Goal of the exercise | Reproduce every entry exactly as given.

Task material |
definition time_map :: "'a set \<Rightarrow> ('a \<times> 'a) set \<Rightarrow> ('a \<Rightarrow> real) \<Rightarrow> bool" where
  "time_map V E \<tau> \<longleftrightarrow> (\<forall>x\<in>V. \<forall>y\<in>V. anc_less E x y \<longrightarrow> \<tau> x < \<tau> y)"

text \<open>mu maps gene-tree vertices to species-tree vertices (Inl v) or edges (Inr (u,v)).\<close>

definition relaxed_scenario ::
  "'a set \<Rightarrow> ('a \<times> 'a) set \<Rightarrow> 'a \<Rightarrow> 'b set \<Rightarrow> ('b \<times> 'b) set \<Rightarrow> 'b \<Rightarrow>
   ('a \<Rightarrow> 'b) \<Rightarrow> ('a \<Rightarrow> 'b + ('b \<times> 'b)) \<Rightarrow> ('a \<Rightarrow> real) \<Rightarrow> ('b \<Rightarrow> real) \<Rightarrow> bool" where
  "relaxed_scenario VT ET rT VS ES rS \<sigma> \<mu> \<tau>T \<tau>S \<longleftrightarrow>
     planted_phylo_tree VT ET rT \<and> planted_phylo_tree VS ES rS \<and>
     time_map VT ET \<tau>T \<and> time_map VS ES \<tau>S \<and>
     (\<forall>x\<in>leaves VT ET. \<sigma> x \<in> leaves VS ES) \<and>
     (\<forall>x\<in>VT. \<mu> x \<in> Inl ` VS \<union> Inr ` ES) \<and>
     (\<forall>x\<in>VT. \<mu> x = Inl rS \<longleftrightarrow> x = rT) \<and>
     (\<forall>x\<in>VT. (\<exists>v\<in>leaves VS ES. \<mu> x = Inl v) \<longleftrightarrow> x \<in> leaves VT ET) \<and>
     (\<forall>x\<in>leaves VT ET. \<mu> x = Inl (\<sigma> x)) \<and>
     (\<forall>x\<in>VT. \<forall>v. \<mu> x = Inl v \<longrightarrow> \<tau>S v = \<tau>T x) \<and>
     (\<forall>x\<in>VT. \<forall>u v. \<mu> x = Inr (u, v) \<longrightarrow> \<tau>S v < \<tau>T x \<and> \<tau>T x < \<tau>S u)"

Finished task |
definition time_map :: "'a set \<Rightarrow> ('a \<times> 'a) set \<Rightarrow> ('a \<Rightarrow> real) \<Rightarrow> bool" where
  "time_map V E \<tau> \<longleftrightarrow> (\<forall>x\<in>V. \<forall>y\<in>V. anc_less E x y \<longrightarrow> \<tau> x < \<tau> y)"

text \<open>mu maps gene-tree vertices to species-tree vertices (Inl v) or edges (Inr (u,v)).\<close>

definition relaxed_scenario ::
  "'a set \<Rightarrow> ('a \<times> 'a) set \<Rightarrow> 'a \<Rightarrow> 'b set \<Rightarrow> ('b \<times> 'b) set \<Rightarrow> 'b \<Rightarrow>
   ('a \<Rightarrow> 'b) \<Rightarrow> ('a \<Rightarrow> 'b + ('b \<times> 'b)) \<Rightarrow> ('a \<Rightarrow> real) \<Rightarrow> ('b \<Rightarrow> real) \<Rightarrow> bool" where
  "relaxed_scenario VT ET rT VS ES rS \<sigma> \<mu> \<tau>T \<tau>S \<longleftrightarrow>
     planted_phylo_tree VT ET rT \<and> planted_phylo_tree VS ES rS \<and>
     time_map VT ET \<tau>T \<and> time_map VS ES \<tau>S \<and>
     (\<forall>x\<in>leaves VT ET. \<sigma> x \<in> leaves VS ES) \<and>
     (\<forall>x\<in>VT. \<mu> x \<in> Inl ` VS \<union> Inr ` ES) \<and>
     (\<forall>x\<in>VT. \<mu> x = Inl rS \<longleftrightarrow> x = rT) \<and>
     (\<forall>x\<in>VT. (\<exists>v\<in>leaves VS ES. \<mu> x = Inl v) \<longleftrightarrow> x \<in> leaves VT ET) \<and>
     (\<forall>x\<in>leaves VT ET. \<mu> x = Inl (\<sigma> x)) \<and>
     (\<forall>x\<in>VT. \<forall>v. \<mu> x = Inl v \<longrightarrow> \<tau>S v = \<tau>T x) \<and>
     (\<forall>x\<in>VT. \<forall>u v. \<mu> x = Inr (u, v) \<longrightarrow> \<tau>S v < \<tau>T x \<and> \<tau>T x < \<tau>S u)"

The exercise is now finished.